如果训练样本中异常样本的比例比较高，违背了异常检测的基本假设，可能最终的效果会受到影响；
异常检测根具体的应用场景紧密相关，算法检测出的“异常”不一定是我们实际想要的，比如，在识别虚假交易时，异常的交易未必就是虚假的交易。所以，在特征选择时，可能需要过滤不太相关的特征，以免识别出一些不太相关的“异常”。

常见的异常检测方法：

基于统计：该方法的基本步骤是对数据点进行建模，再以假定的模型（如泊松分布、正太分布等）根据点的分布来确定是否异常。一般通过数据变异指标来发现异常数据。常用变异指标有极差、四分位数间距、均差、标准差、变异系数等。但是，基于统计的方法检测出来的异常点产生机制可能不唯一，而且它在很大程度上依赖于待挖掘的数据集是否满足某种概率分布模型，另外模型的参数、离群点的数目等都非常重要，确定这些因素通常都比较困难。因此，实际情况中算法的应用性和可移植性较差。
基于聚类：K-means（如果到集群质心的距离高于阈值或者最近集群的大小低于阈值，则将数据点定义为异常）
基于距离：knn（具有大k-最近邻距离的数据点被定义为异常）
基于密度：LOF(local outlier factor)(将密度大大低于邻居的样本视为异常值)，BIRCH，DBSCAN（如果数据点的局部区域内的数据点的数量低于阈值，则将其定义为异常）
专门异常点检测：隔离森林（较大高度平均值为异常值），one-class SVM（与超球体中心的距离大于r为新奇）
基于偏差：PCA/自编码器（具有高重建误差的数据点被定义为异常），隐马尔可夫模型（HMM）

iForest 小结：

论文提到采样大小超过256效果就提升不大了，并且越大还会造成计算时间上的浪费。100棵树，采样大小256。
iForest具有线性时间复杂度，因为是ensemble的方法，所以可以用在含有海量数据的数据集上面，通常树的数量越多，算法越稳定。由于每棵树都是相互独立生成的，因此可以部署在大规模分布式系统上来加速运算。
iForest不适用于特别高维的数据，推荐降维后使用。由于每次切数据空间都是随机选取一个维度，建完树后仍然有大量的维度信息没有被使用，导致算法可靠性降低。高维空间还可能存在大量噪音维度或者无关维度（irrelevant attributes），影响树的构建。对这类数据，建议使用子空间异常检测（Subspace Anomaly Detection）技术。此外，切割平面默认是axis-parallel的，也可以随机生成各种角度的切割平面。
IForest仅对Global Anomaly敏感，即全局稀疏点敏感，不擅长处理局部的相对稀疏点（Local Anomaly）。
而One Class SVM对于中小型数据分析，尤其是训练样本不是特别海量的时候用起来经常会比IForest顺手，因此比较适合做原型分析。
iForest推动了重心估计（Mass Estimation）理论，目前在分类聚类和异常检测中都取得显著效果。

构造 iForest 的步骤如下：

1. 从训练数据中随机选择 n 个点样本作为subsample，放入树的根节点。
2. 随机指定一个维度（attribute），在当前节点数据中随机产生一个切割点p——切割点产生于当前节点数据中指定维度的最大值和最小值之间。
3. 以此切割点生成了一个超平面，然后将当前节点数据空间划分为2个子空间：把指定维度里面小于p的数据放在当前节点的左孩子，把大于等于p的数据放在当前节点的右孩子。
4. 在孩子节点中递归步骤2和3，不断构造新的孩子节点，知道孩子节点中只有一个数据（无法再继续切割）或者孩子节点已达限定高度。

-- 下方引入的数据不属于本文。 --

(* Let $C=\begin{pmatrix}0&1\\-1&0\end{pmatrix}$, $D=\begin{pmatrix}0&1\\-1&1\end{pmatrix}$ and $\Gamma_3=\langle C,D\rangle\subset\mathrm{PSL}_2\mathbb{R}$ (the $(2,3,\infty)$-triangle group, i.e. the modular group, with $\Gamma_3\cong\langle C,D\mid C^2=D^3=1\rangle$). If $X,Y\in\Gamma_3$ satisfy $\Gamma_3=\langle X,Y\rangle$ and $\mathrm{tr}\,X=\mathrm{tr}\,Y$, then $X$ and $Y$ are parabolic.
   Context: Traces are of lifts to $\mathrm{SL}_2\mathbb{R}$; "$\mathrm{tr}\,X=\mathrm{tr}\,Y$" means the elements admit lifts of equal trace. Parabolic means non-identity with $\mathrm{tr}^2=4$. *)

theory Defs
  imports "HOL-Analysis.Analysis"
begin

text \<open>Elements of SL(2,R) are represented as real 2x2 matrices of determinant 1;
  an element of PSL(2,R) is represented by either of its two lifts A, -A.\<close>

type_synonym mat2 = "real^2^2"

inductive_set gen_subgroup :: "mat2 set \<Rightarrow> mat2 set" for S where
  gen_one: "mat 1 \<in> gen_subgroup S"
| gen_elem: "s \<in> S \<Longrightarrow> s \<in> gen_subgroup S"
| gen_inv: "s \<in> S \<Longrightarrow> matrix_inv s \<in> gen_subgroup S"
| gen_mult: "a \<in> gen_subgroup S \<Longrightarrow> b \<in> gen_subgroup S \<Longrightarrow> a ** b \<in> gen_subgroup S"

text \<open>Preimage in SL(2,R) of the subgroup of PSL(2,R) generated by the images of S:
  it is the subgroup generated by S together with -I.\<close>
definition psl_gen :: "mat2 set \<Rightarrow> mat2 set" where
  "psl_gen S = gen_subgroup (insert (- mat 1) S)"

definition matC :: mat2 where
  "matC = vector [vector [0, 1], vector [-1, 0]]"

definition matD :: mat2 where
  "matD = vector [vector [0, 1], vector [-1, 1]]"

definition Gamma3 :: "mat2 set" where
  "Gamma3 = psl_gen {matC, matD}"

definition parabolic :: "mat2 \<Rightarrow> bool" where
  "parabolic A \<longleftrightarrow> A \<noteq> mat 1 \<and> A \<noteq> - mat 1 \<and> (trace A)\<^sup>2 = 4"

end

theory Submission
  imports Defs
begin

(* All generators C, D, -I of Gamma3 lie in SL(2,Z), so X and Y are
   integral matrices of determinant 1 and their traces x, y and z = tr(XY) are
   integers.  By the Cayley-Hamilton identities for 2x2 matrices, the Z-module
   L = Z<I, X, Y, XY> is stable under left multiplication by X, Y, their inverses
   and -I; hence it contains psl_gen {X, Y} = Gamma3, in particular the elementary
   matrices E12 = CD + I and E21 = E12 - C.  A direct computation shows that the
   commutator of two elements of L is a multiple [X,Y] N of XY - YX by an integral
   matrix N, whereas E12 E21 - E21 E12 = diag(1,-1) has determinant -1.  Therefore
   det(XY - YX) = 4 - x^2 - y^2 - z^2 + xyz (Fricke) is a unit of Z.  Under
   y = +-x this becomes the Diophantine condition |(z-2)(x^2-z-2)| = 1, which
   forces x^2 = 4 because 2 and 6 are not squares; and det(XY - YX) /= 0 shows
   that neither X nor Y is +-I. *)

definition mk :: "real \<Rightarrow> real \<Rightarrow> real \<Rightarrow> real \<Rightarrow> mat2" where
  "mk a b c d = vector [vector [a, b], vector [c, d]]"

lemma mk_nth [simp]: "mk a b c d $ 1 $ 1 = a" "mk a b c d $ 1 $ 2 = b"
  "mk a b c d $ 2 $ 1 = c" "mk a b c d $ 2 $ 2 = d"
  by (simp_all add: mk_def)

lemma mat_mk: "(A::mat2) = mk (A$1$1) (A$1$2) (A$2$1) (A$2$2)"
  by (simp add: vec_eq_iff forall_2)

lemma mk_eq [simp]: "mk a b c d = mk a' b' c' d' \<longleftrightarrow> a = a' \<and> b = b' \<and> c = c' \<and> d = d'"
  by (simp add: mk_def vec_eq_iff forall_2)

lemma mk_mult [simp]:
  "mk a b c d ** mk e f g h = mk (a*e+b*g) (a*f+b*h) (c*e+d*g) (c*f+d*h)"
  by (simp add: vec_eq_iff forall_2 matrix_matrix_mult_def sum_2)

lemma mk_add [simp]: "mk a b c d + mk e f g h = mk (a+e) (b+f) (c+g) (d+h)"
  by (simp add: vec_eq_iff forall_2)

lemma mk_diff [simp]: "mk a b c d - mk e f g h = mk (a-e) (b-f) (c-g) (d-h)"
  by (simp add: vec_eq_iff forall_2)

lemma mk_neg [simp]: "- mk a b c d = mk (-a) (-b) (-c) (-d)"
  by (simp add: vec_eq_iff forall_2)

lemma mk_scale [simp]: "k *\<^sub>R mk a b c d = mk (k*a) (k*b) (k*c) (k*d)"
  by (simp add: vec_eq_iff forall_2)

lemma mat1_mk: "(mat 1 :: mat2) = mk 1 0 0 1"
  by (simp add: vec_eq_iff forall_2 mat_def)

lemma det_mk [simp]: "det (mk a b c d) = a*d - b*c"
  by (simp add: det_2)

lemma trace_mk [simp]: "trace (mk a b c d) = a + d"
  by (simp add: trace_def sum_2)

lemma matC_mk: "matC = mk 0 1 (-1) 0"
  by (simp add: matC_def mk_def)

lemma matD_mk: "matD = mk 0 1 (-1) 1"
  by (simp add: matD_def mk_def)

lemma matrix_inv_mk:
  assumes "a*d - b*c = 1"
  shows "matrix_inv (mk a b c d) = mk d (-b) (-c) a"
proof -
  have inverse: "mk a b c d ** mk d (-b) (-c) a = mat 1 \<and> mk d (-b) (-c) a ** mk a b c d = mat 1"
    using assms by (simp add: mat1_mk algebra_simps)
  moreover have "B = mk d (-b) (-c) a"
    if "mk a b c d ** B = mat 1 \<and> B ** mk a b c d = mat 1" for B
  proof -
    have "B = B ** (mk a b c d ** mk d (-b) (-c) a)"
      by (simp only: conjunct1[OF inverse] matrix_mul_rid)
    also have "\<dots> = (B ** mk a b c d) ** mk d (-b) (-c) a" by (rule matrix_mul_assoc)
    also have "\<dots> = mk d (-b) (-c) a" by (simp only: conjunct2[OF that] matrix_mul_lid)
    finally show ?thesis .
  qed
  ultimately show ?thesis unfolding matrix_inv_def by (rule some_equality)
qed

lemma matrix_inv_sl2:
  assumes "det (A::mat2) = 1"
  shows "matrix_inv A = trace A *\<^sub>R mat 1 - A"
proof -
  obtain a b c d where A: "A = mk a b c d" using mat_mk by blast
  show ?thesis using assms unfolding A by (simp add: matrix_inv_mk mat1_mk)
qed

section \<open>The modular group lies in SL(2,Z)\<close>

definition integral_matrix :: "mat2 \<Rightarrow> bool" where
  "integral_matrix M \<longleftrightarrow> (\<forall>i j. M $ i $ j \<in> \<int>)"

lemma integral_matrix_mk:
  "integral_matrix (mk a b c d) \<longleftrightarrow> a \<in> \<int> \<and> b \<in> \<int> \<and> c \<in> \<int> \<and> d \<in> \<int>"
  by (simp add: integral_matrix_def forall_2)

lemma integral_matrix_entries:
  assumes "integral_matrix M"
  shows "M$1$1 \<in> \<int>" "M$1$2 \<in> \<int>" "M$2$1 \<in> \<int>" "M$2$2 \<in> \<int>"
  using assms by (simp_all add: integral_matrix_def)

lemma integral_matrix_mult:
  assumes "integral_matrix A" "integral_matrix B"
  shows "integral_matrix (A ** B)"
  using assms by (subst (1 2 3) mat_mk) (simp add: integral_matrix_mk integral_matrix_entries)

lemma integral_matrix_diff:
  assumes "integral_matrix A" "integral_matrix B"
  shows "integral_matrix (A - B)"
  using assms by (simp add: integral_matrix_def)

lemma integral_matrix_det: "integral_matrix M \<Longrightarrow> det M \<in> \<int>"
  by (subst mat_mk) (simp add: integral_matrix_entries)

lemma integral_matrix_trace: "integral_matrix M \<Longrightarrow> trace M \<in> \<int>"
  by (subst mat_mk) (simp add: integral_matrix_entries)

definition SL2Z :: "mat2 set" where
  "SL2Z = {M. integral_matrix M \<and> det M = 1}"

lemma SL2Z_mult: "A \<in> SL2Z \<Longrightarrow> B \<in> SL2Z \<Longrightarrow> A ** B \<in> SL2Z"
  by (simp add: SL2Z_def integral_matrix_mult det_mul)

lemma SL2Z_inv:
  assumes "A \<in> SL2Z"
  shows "matrix_inv A \<in> SL2Z"
proof -
  obtain a b c d where A: "A = mk a b c d" using mat_mk by blast
  show ?thesis using assms
    unfolding A SL2Z_def by (simp add: matrix_inv_mk integral_matrix_mk algebra_simps)
qed

lemma gen_subgroup_mult_stable:
  assumes gen: "\<And>s N. s \<in> S \<Longrightarrow> N \<in> L \<Longrightarrow> s ** N \<in> L"
    and gen_inverse: "\<And>s N. s \<in> S \<Longrightarrow> N \<in> L \<Longrightarrow> matrix_inv s ** N \<in> L"
    and "M \<in> gen_subgroup S" "N \<in> L"
  shows "M ** N \<in> L"
  using assms(3,4)
proof (induction arbitrary: N rule: gen_subgroup.induct)
  case gen_one
  then show ?case by simp
next
  case (gen_elem s)
  then show ?case by (rule gen)
next
  case (gen_inv s)
  then show ?case by (rule gen_inverse)
next
  case (gen_mult A B)
  then show ?case by (simp flip: matrix_mul_assoc)
qed

lemma Gamma3_SL2Z: "Gamma3 \<subseteq> SL2Z"
proof
  fix M assume "M \<in> Gamma3"
  then have M: "M \<in> gen_subgroup {- mat 1, matC, matD}"
    unfolding Gamma3_def psl_gen_def .
  have generators: "s \<in> SL2Z" if "s \<in> {- mat 1, matC, matD}" for s
    using that by (auto simp: SL2Z_def mat1_mk matC_mk matD_mk integral_matrix_mk)
  have one: "mat 1 \<in> SL2Z" by (simp add: SL2Z_def mat1_mk integral_matrix_mk)
  have "M ** mat 1 \<in> SL2Z"
  proof (rule gen_subgroup_mult_stable[OF _ _ M one])
    fix s N assume "s \<in> {- mat 1, matC, matD}" "N \<in> SL2Z"
    then show "s ** N \<in> SL2Z" "matrix_inv s ** N \<in> SL2Z"
      using generators SL2Z_mult SL2Z_inv by blast+
  qed
  then show "M \<in> SL2Z" by simp
qed

section \<open>The trace lattice of a pair of matrices\<close>

definition trace_lattice :: "mat2 \<Rightarrow> mat2 \<Rightarrow> mat2 set" where
  "trace_lattice X Y = {p *\<^sub>R mat 1 + q *\<^sub>R X + r *\<^sub>R Y + s *\<^sub>R (X ** Y) | p q r s.
      p \<in> \<int> \<and> q \<in> \<int> \<and> r \<in> \<int> \<and> s \<in> \<int>}"

lemma trace_lattice_intro:
  assumes "p \<in> \<int>" "q \<in> \<int>" "r \<in> \<int>" "s \<in> \<int>"
    and "M = p *\<^sub>R mat 1 + q *\<^sub>R X + r *\<^sub>R Y + s *\<^sub>R (X ** Y)"
  shows "M \<in> trace_lattice X Y"
  unfolding trace_lattice_def using assms by blast

lemma mat1_in_trace_lattice: "mat 1 \<in> trace_lattice X Y"
  by (rule trace_lattice_intro[of 1 0 0 0]) auto

lemma trace_lattice_lincomb:
  assumes "M \<in> trace_lattice X Y" "M' \<in> trace_lattice X Y" "k \<in> \<int>" "k' \<in> \<int>"
  shows "k *\<^sub>R M + k' *\<^sub>R M' \<in> trace_lattice X Y"
proof -
  obtain p q r s where M: "p\<in>\<int>" "q\<in>\<int>" "r\<in>\<int>" "s\<in>\<int>"
    "M = p *\<^sub>R mat 1 + q *\<^sub>R X + r *\<^sub>R Y + s *\<^sub>R (X ** Y)"
    using assms(1) unfolding trace_lattice_def by blast
  obtain p2 q2 r2 s2 where M': "p2\<in>\<int>" "q2\<in>\<int>" "r2\<in>\<int>" "s2\<in>\<int>"
    "M' = p2 *\<^sub>R mat 1 + q2 *\<^sub>R X + r2 *\<^sub>R Y + s2 *\<^sub>R (X ** Y)"
    using assms(2) unfolding trace_lattice_def by blast
  have combination: "k *\<^sub>R M + k' *\<^sub>R M' = (k * p + k' * p2) *\<^sub>R mat 1 + (k * q + k' * q2) *\<^sub>R X
      + (k * r + k' * r2) *\<^sub>R Y + (k * s + k' * s2) *\<^sub>R (X ** Y)"
    unfolding M(5) M'(5) by (simp add: scaleR_add_right scaleR_add_left add_ac)
  show ?thesis
    by (rule trace_lattice_intro[OF _ _ _ _ combination]) (use M M' assms(3,4) in simp_all)
qed

text \<open>Stability under X uses \<open>X\<^sup>2 = tr X \<cdot> X - I\<close>.\<close>
lemma trace_lattice_mult_left:
  assumes "det X = 1" "trace X \<in> \<int>" "M \<in> trace_lattice X Y"
  shows "X ** M \<in> trace_lattice X Y"
proof -
  obtain p q r s where M: "p\<in>\<int>" "q\<in>\<int>" "r\<in>\<int>" "s\<in>\<int>"
    "M = p *\<^sub>R mat 1 + q *\<^sub>R X + r *\<^sub>R Y + s *\<^sub>R (X ** Y)"
    using assms(3) unfolding trace_lattice_def by blast
  obtain a b c d where X: "X = mk a b c d" using mat_mk by blast
  obtain e f g h where Y: "Y = mk e f g h" using mat_mk by blast
  let ?x = "trace X"
  have "X ** M = (-q) *\<^sub>R mat 1 + (p + q*?x) *\<^sub>R X + (-s) *\<^sub>R Y + (r + s*?x) *\<^sub>R (X ** Y)"
    using assms(1) unfolding M(5) X Y mat1_mk
    by (simp only: mk_mult mk_add mk_scale mk_eq trace_mk det_mk) algebra
  then show ?thesis
    using M assms(2) by (intro trace_lattice_intro[of "-q" "p + q*?x" "-s" "r + s*?x"]) auto
qed

text \<open>Stability under Y uses in addition the polarised identity
  \<open>YX = (z - xy) I + y X + x Y - XY\<close>, where \<open>z = tr(XY)\<close>.\<close>
lemma trace_lattice_mult_right:
  assumes "det X = 1" "det Y = 1" "trace X \<in> \<int>" "trace Y \<in> \<int>" "trace (X ** Y) \<in> \<int>"
    and "M \<in> trace_lattice X Y"
  shows "Y ** M \<in> trace_lattice X Y"
proof -
  obtain p q r s where M: "p\<in>\<int>" "q\<in>\<int>" "r\<in>\<int>" "s\<in>\<int>"
    "M = p *\<^sub>R mat 1 + q *\<^sub>R X + r *\<^sub>R Y + s *\<^sub>R (X ** Y)"
    using assms(6) unfolding trace_lattice_def by blast
  obtain a b c d where X: "X = mk a b c d" using mat_mk by blast
  obtain e f g h where Y: "Y = mk e f g h" using mat_mk by blast
  let ?x = "trace X" and ?y = "trace Y" and ?z = "trace (X ** Y)"
  have "Y ** M = (q*(?z - ?x*?y) - r - s*?x) *\<^sub>R mat 1 + (q*?y + s) *\<^sub>R X
      + (p + q*?x + r*?y + s*?z) *\<^sub>R Y + (-q) *\<^sub>R (X ** Y)"
    using assms(1,2) unfolding M(5) X Y mat1_mk
    by (simp only: mk_mult mk_add mk_scale mk_eq trace_mk det_mk) algebra
  then show ?thesis
    using M assms(3-5)
    by (intro trace_lattice_intro[of "q*(?z - ?x*?y) - r - s*?x" "q*?y + s"
          "p + q*?x + r*?y + s*?z" "-q"]) auto
qed

text \<open>An element of SL(2) with integral trace that preserves the lattice also has
  an inverse preserving it, since \<open>A\<^sup>-\<^sup>1 = tr A \<cdot> I - A\<close>.\<close>
lemma trace_lattice_mult_inverse:
  assumes "det A = 1" "trace A \<in> \<int>" "M \<in> trace_lattice X Y"
    and "A ** M \<in> trace_lattice X Y"
  shows "matrix_inv A ** M \<in> trace_lattice X Y"
proof -
  obtain a b c d where A: "A = mk a b c d" using mat_mk by blast
  have "matrix_inv A ** M = trace A *\<^sub>R M + (-1) *\<^sub>R (A ** M)"
    unfolding matrix_inv_sl2[OF assms(1)] unfolding A mat1_mk
    by (subst (1 2 3) mat_mk[of M]) (simp add: algebra_simps)
  then show ?thesis using trace_lattice_lincomb[OF assms(3,4,2), of "-1"] by simp
qed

　　获得 t个iTree之后，iForest训练就结束，然后我们可以用生成的iForest来评估测试数据了。对于一个训练数据X，我们令其遍历每一颗iTree，然后计算X 最终落在每个树第几层（X在树的高度）。然后我们可以得到X在每棵树的高度平均值，即 the average path length over t iTrees

import numpy as np

import matplotlib.pyplot as plt

from sklearn.ensemble import IsolationForest

rng = np.random.RandomState(42)

# Generate  train data

X = 0.3 * rng.randn(100, 2)  #rng.uniform(0,1,(100,2))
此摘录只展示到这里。